Те три заявителя, в том числе и Тонечкин муж, — все в войну погибли. Да и не в них в общем-то дело.
Из Ростова отправили меня в феврале тридцать восьмого. География такая: Ростов — Новочеркасск — Воронеж — Козлов — Саратов — Ртищево — Балашов — Сызрань — Челябинск — Магнитогорск — Верхнеуральск — Челябинск — Иркутск — Вторая речка — Колыма.
У Мандельштама: «Воронеж — ворон, нож». Для меня Воронеж — не ворон и не нож, и не платоновская тоска пространств. в карцере всего-то и пространства — меж стенами с вмазанными осколками — чтобы не прислонялись.
Параша, говорите? Какая параша? Сударыня, вы путаете жанры! Тысячи людей в пересылке — какие параши? Дерьма столько, что унавозить две области можно. Огромная яма с осклизлыми краями, с проволокой, чтобы держался зэк, не съехал в яму. а съедет — туда и дорога. От этих испарений, от аммиака и дерьма теряешь сознание — лицом ткнешься, придешь в себя, на четвереньки встанешь.
Козлов, теперешний Мичуринск, запомнился деревянной тюрьмой. Балашов же особенно памятен по двум причинам. Одна — что там мы себя людьми почувствовали. Никому мы уже не интересные были, нас только сторожили. и прогулки, постели — как в раю. а второе — что там я окончательно прозрел.
Прослышали мы: из Астраханского изолятора ночью по этапу прибывает группа женщин с детьми, жены крупных деятелей: Гамарника, Бухарина, Тухачевского, Рыкова, Уборевича. Все они потом погибли на Колыме, в совхозе «Ягодный», — мне Вася, машинист паровозного депо из Каменска, рассказал потом. а дочь Гамарника, Светлана, жива осталась. Сыновей Шебалдина и Бухарина спасла семья Ларина. Об остальных не знаю. Ну, значит, человека три из нашей первой камеры взялись убирать в ночь коридоры, уборные; надо пробиться — пробьемся. Лидия Григорьевна, жена Гамарника, на шею мне бросилась, заплакала. Гамарника, как Орджоникидзе, застрелили перед судом, тридцатого мая. Остальных из этой группы судили одиннадцатого июня и расстреляли тринадцатого. а восемнадцатого июня судили меня.
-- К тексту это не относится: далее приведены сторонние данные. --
(* Let $K\ge L\ge T\ge 2$ be integers and let $(q,\boldsymbol{\alpha}^{(p)},\boldsymbol{\alpha}^{(s)},\boldsymbol{\beta}^{(p)},\boldsymbol{\beta}^{(s)})$ be the tuple $\mathrm{CAT}_x(K,L,T)$ described in the context, for any positive integer $x$ coprime to $q$. Then this tuple is a cyclic-addition degree table (CAT) for parameters $K,L,T$ with number of unique entries $$N=(K+1)(L+1)+(T-1)^2+\kappa+\lambda .$$
   Context: Construction $\mathrm{CAT}_x$: Let $K\ge L\ge T\ge 2$ be integers. Let $\kappa,\lambda$ be the smallest non-negative integers such that $K+1+\kappa$ and $L+1+\lambda$ are coprime to $T-1$. Put $K^\star=K+1+\kappa$, $L^\star=L+1+\lambda$, $\bar T=T-1$ and $q=K^\star L^\star+\bar T^2$. Let $x$ be a positive integer coprime to $q$ and let $y\in\{0,\dots,q-1\}$ be the (unique) integer with $x\bar T+yK^\star\equiv 0\pmod q$. Define vectors over $\mathbb{Z}_q$ (integers mod $q$): $\boldsymbol{\alpha}^{(p)}=(0,y,2y,\dots,(K-1)y)\bmod q\in\mathbb{Z}_q^K$, $\boldsymbol{\alpha}^{(s)}=(Ky,\;Ky+x,\;\dots,\;Ky+(T-1)x)\bmod q\in\mathbb{Z}_q^T$, $\boldsymbol{\beta}^{(p)}=(0,x,2x,\dots,(L-1)x)\bmod q\in\mathbb{Z}_q^L$, $\boldsymbol{\beta}^{(s)}=(-x,\;y-x,\;\dots,\;(T-1)y-x)\bmod q\in\mathbb{Z}_q^T$. Definition (CAT). For a positive integer $q$ and vectors $\boldsymbol{\alpha}^{(p)}\in\mathbb{Z}_q^K,\boldsymbol{\alpha}^{(s)}\in\mathbb{Z}_q^T,\boldsymbol{\beta}^{(p)}\in\mathbb{Z}_q^L,\boldsymbol{\beta}^{(s)}\in\mathbb{Z}_q^T$, write $\{\mathbf v\}$ for the set of entries of a vector $\mathbf v$ and let (all additions in $\mathbb{Z}_q$) $\mathcal{TL}=\{\boldsymbol{\alpha}^{(p)}\}+\{\boldsymbol{\beta}^{(p)}\}$, $\mathcal{TR}=\{\boldsymbol{\alpha}^{(p)}\}+\{\boldsymbol{\beta}^{(s)}\}$, $\mathcal{BL}=\{\boldsymbol{\alpha}^{(s)}\}+\{\boldsymbol{\beta}^{(p)}\}$, $\mathcal{BR}=\{\boldsymbol{\alpha}^{(s)}\}+\{\boldsymbol{\beta}^{(s)}\}$ (sumsets $\mathcal A+\mathcal B=\{a+b: a\in\mathcal A,b\in\mathcal B\}$), and let $\boldsymbol\gamma$ be the vector listing the elements of $\mathcal{TL}\cup\mathcal{TR}\cup\mathcal{BL}\cup\mathcal{BR}$ in ascending order (identifying $\mathbb{Z}_q$ with $\{0,\dots,q-1\}$). For a vector $\boldsymbol\rho$ of length $n$ of $q$-th roots of unity in a field and a vector $\boldsymbol\delta$ of length $m$ with entries in $\mathbb{Z}_q$, $\mathbf V(\boldsymbol\rho,\boldsymbol\delta)$ is the $n\times m$ matrix with $(i,j)$ entry $\rho_i^{\delta_j}$. The tuple $(q,\boldsymbol{\alpha}^{(p)},\boldsymbol{\alpha}^{(s)},\boldsymbol{\beta}^{(p)},\boldsymbol{\beta}^{(s)})$ is a cyclic-addition degree table for parameters $K,L,T$ with $N$ unique entries if: (I) $|\mathcal{TL}\cup\mathcal{TR}\cup\mathcal{BL}\cup\mathcal{BR}|=N$; (II) $|\mathcal{TL}|=KL$; (III) $\mathcal{TL}\cap\mathcal{TR}=\mathcal{TL}\cap\mathcal{BL}=\mathcal{TL}\cap\mathcal{BR}=\emptyset$; (IV) in every prime field $\mathbb{F}_p$ with $q\mid p-1$ there exist $N$ $q$-th roots of unity $\boldsymbol\rho=(\rho_1,\dots,\rho_N)$ such that (a) $\mathbf V(\boldsymbol\rho,\boldsymbol\gamma)$ is invertible and (b) all $T\times T$ submatrices of $\mathbf V(\boldsymbol\rho,\boldsymbol{\alpha}^{(s)})$ and of $\mathbf V(\boldsymbol\rho,\boldsymbol{\beta}^{(s)})$ are invertible. *)

theory Defs
  imports "Berlekamp_Zassenhaus.Finite_Field" "Jordan_Normal_Form.Matrix"
    "Jordan_Normal_Form.DL_Submatrix" "HOL-Number_Theory.Cong"
begin

(* Elements of Z_q are represented by naturals in {0..<q}; vectors by lists. *)

definition sumset_mod :: "nat \<Rightarrow> nat set \<Rightarrow> nat set \<Rightarrow> nat set" where
  "sumset_mod q A B = {(a + b) mod q | a b. a \<in> A \<and> b \<in> B}"

definition cat_TL :: "nat \<Rightarrow> nat list \<Rightarrow> nat list \<Rightarrow> nat list \<Rightarrow> nat list \<Rightarrow> nat set" where
  "cat_TL q ap as bp bs = sumset_mod q (set ap) (set bp)"
definition cat_TR :: "nat \<Rightarrow> nat list \<Rightarrow> nat list \<Rightarrow> nat list \<Rightarrow> nat list \<Rightarrow> nat set" where
  "cat_TR q ap as bp bs = sumset_mod q (set ap) (set bs)"
definition cat_BL :: "nat \<Rightarrow> nat list \<Rightarrow> nat list \<Rightarrow> nat list \<Rightarrow> nat list \<Rightarrow> nat set" where
  "cat_BL q ap as bp bs = sumset_mod q (set as) (set bp)"
definition cat_BR :: "nat \<Rightarrow> nat list \<Rightarrow> nat list \<Rightarrow> nat list \<Rightarrow> nat list \<Rightarrow> nat set" where
  "cat_BR q ap as bp bs = sumset_mod q (set as) (set bs)"

definition cat_all :: "nat \<Rightarrow> nat list \<Rightarrow> nat list \<Rightarrow> nat list \<Rightarrow> nat list \<Rightarrow> nat set" where
  "cat_all q ap as bp bs = cat_TL q ap as bp bs \<union> cat_TR q ap as bp bs
      \<union> cat_BL q ap as bp bs \<union> cat_BR q ap as bp bs"
(* Let $\Omega\subseteq\mathbb{R}^3$ be a domain. If $b\colon\Omega\to\mathbb{R}$ is a real-valued biharmonic function (i.e. $\Delta_3^2 b=0$), then $\partial b\,\partial$ is inframonogenic and $\overline{\partial}\, b\,\overline{\partial}$ is antiinframonogenic. If $f=f_0+f_1e_1+f_2e_2\colon\Omega\to\mathbb{R}^3$ is inframonogenic or antiinframonogenic, then every component $f_i$ ($i=0,1,2$) of $f$ is biharmonic.
   Context: $\mathbb{H}$ denotes the real quaternions with basis $e_0=1,e_1,e_2,e_3$ and $e_1^2=e_2^2=e_3^2=e_1e_2e_3=-1$. $\mathbb{R}^3$ is identified with the reduced quaternions $x=x_0+x_1e_1+x_2e_2$. Write $\partial_i=\partial/\partial x_i$ and $\Delta_3=\partial_0^2+\partial_1^2+\partial_2^2$. For a (sufficiently differentiable) $\mathbb{H}$-valued function $f$, the left operators are $\overline{\partial} f=\partial_0 f+e_1\partial_1 f+e_2\partial_2 f$ and $\partial f=\partial_0 f-e_1\partial_1 f-e_2\partial_2 f$, and the right operators are $f\overline{\partial}=\partial_0 f+(\partial_1 f)e_1+(\partial_2 f)e_2$ and $f\partial=\partial_0 f-(\partial_1 f)e_1-(\partial_2 f)e_2$. The two-sided operators are $\overline{\partial} f\overline{\partial}:=\overline{\partial}(f\overline{\partial})=(\overline{\partial}f)\overline{\partial}$ and similarly $\partial f\partial$. A function $f$ is inframonogenic if $\overline{\partial} f\overline{\partial}=0$ and antiinframonogenic if $\partial f\partial=0$. A real function is biharmonic if $\Delta_3^2$ of it vanishes. *)

theory Defs
  imports "HOL-Analysis.Analysis"
begin

datatype quat = Quat (qc0: real) (qc1: real) (qc2: real) (qc3: real)

definition qadd :: "quat \<Rightarrow> quat \<Rightarrow> quat" (infixl "\<oplus>\<^sub>H" 65) where
  "qadd p q = Quat (qc0 p + qc0 q) (qc1 p + qc1 q) (qc2 p + qc2 q) (qc3 p + qc3 q)"

text \<open>Hamilton product, with e1 e2 = e3, e2 e3 = e1, e3 e1 = e2, e_i^2 = -1
  (so that e1 e2 e3 = -1).\<close>
definition qmult :: "quat \<Rightarrow> quat \<Rightarrow> quat" (infixl "\<otimes>\<^sub>H" 70) where
  "qmult p q = Quat
     (qc0 p * qc0 q - qc1 p * qc1 q - qc2 p * qc2 q - qc3 p * qc3 q)
     (qc0 p * qc1 q + qc1 p * qc0 q + qc2 p * qc3 q - qc3 p * qc2 q)
     (qc0 p * qc2 q - qc1 p * qc3 q + qc2 p * qc0 q + qc3 p * qc1 q)
     (qc0 p * qc3 q + qc1 p * qc2 q - qc2 p * qc1 q + qc3 p * qc0 q)"

definition qneg :: "quat \<Rightarrow> quat" where
  "qneg q = Quat (- qc0 q) (- qc1 q) (- qc2 q) (- qc3 q)"

definition qzero :: quat where "qzero = Quat 0 0 0 0"
definition qe1 :: quat where "qe1 = Quat 0 1 0 0"
definition qe2 :: quat where "qe2 = Quat 0 0 1 0"

definition qreal :: "real \<Rightarrow> quat" where "qreal r = Quat r 0 0 0"

type_synonym R3 = "real \<times> real \<times> real"

definition dir :: "nat \<Rightarrow> R3" where
  "dir i = (if i = 0 then (1, 0, 0) else if i = 1 then (0, 1, 0) else (0, 0, 1))"

definition pd :: "nat \<Rightarrow> (R3 \<Rightarrow> real) \<Rightarrow> R3 \<Rightarrow> real" where
  "pd i g x = deriv (\<lambda>t. g (x + t *\<^sub>R dir i)) 0"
— Никаких глупостей не думайте, — сказала Лидия Григорьевна мне, — никто вас освобождать не придет. Это политика политбюро, Сталина. Никакой пощады никому не будет.
Ну так оно и вышло. Всех, кто остался жить и подлежал освобождению в сорок шестом, сорок седьмом, сорок восьмом годах, снова судили и приговаривали.
— Никакой пощады не будет, — сказала она. — Постарайтесь выжить, чтобы рассказать людям правду.
Поехали дальше. в Верхнеуральске пробыл я почти два года, до лета тридцать девятого — да, до года Восемнадцатого съезда.
В Верхнеуральске я объявил голодовку, требуя объявления приговора — я ведь все еще был смертник. Сухую голодовку — не ел и не пил. я голод переношу сравнительно легко, и даже жажду. Бывает ведь, человек буквально с ума сходит от голода. Мне же только первый день трудно, а потом ничего.
На восьмой день меня на носилках отнесли к начальнику — объявили, что расстрел заменен двенадцатилетним сроком. Так вот я прошел сквозь еще одну смерть, отказавшись подать прошение с признанием вины. Черт его знает, почему, но такие штуки тогда что-то еще значили, вынудили тебя хотя бы и после приговора признать себя виновным или нет. и вот судьбы: этот начальник тюрьмы, который предлагал мне дать телеграмму Калинину с раскаяньем и просьбой о помиловании: «Чего вы еще ждете? Вам остался день жизни, это последняя возможность» (подпиши я такую телеграмму — и сразу был бы расстрелян), — потом бежал за границу, будучи в Квантунской армии начальником русского отдела, писал о зверствах в НКВД, был взят нашими в плен, осужден и отправлен отбывать срок в наш лагерь, где и был четвертован заключенными. Такие случаи, когда репрессированные, даже уже на воле, сами исполняли свой приговор предателям, были нередки. Нет, не препоручали Богу мщения и воздаяния мерзавцам, не очень надеясь на этот суд.
Ну, ладно. Тюрьма в Верхнеуральске — с соблюдением всех правил: белье, баня, прогулки. Но и строго. Как-то вызвали на прогулку, — а такой порядок: входит страж, все мгновенно встают, — я окурок второпях не в пепельницу, а рядом положил. И — «Где окурок?! Где окурок?!» Вместо прогулки — трое суток карцера.
А карцер — голая, узкая камера. Сесть некуда — параша с острой крышкой. К стене не прислонишься — иней в ладонь. Часовой в коридоре в валенках, в стеганке, ногами от холода топает. а я в летней форме: рубашка, ботиночки, портянки летние. Еда — два раза в день: кружка горячей воды и двести граммов хлеба, на второй день еще тарелка супа. Ну, сутки и еще день я пробегал в летней своей форме. Потом кричать начал, в дверь стучать: «Давайте дежурного». Минут через двадцать открывается дверь — и мне ящик из-под винтовок, внутри войлок. Как я туда влез, ума не приложу — голову между коленей и заснул. Просыпаюсь от света: «Где арестованный?» Прожектором в нос: «Не смейте залезать в ящик!» Телогрейку кинули.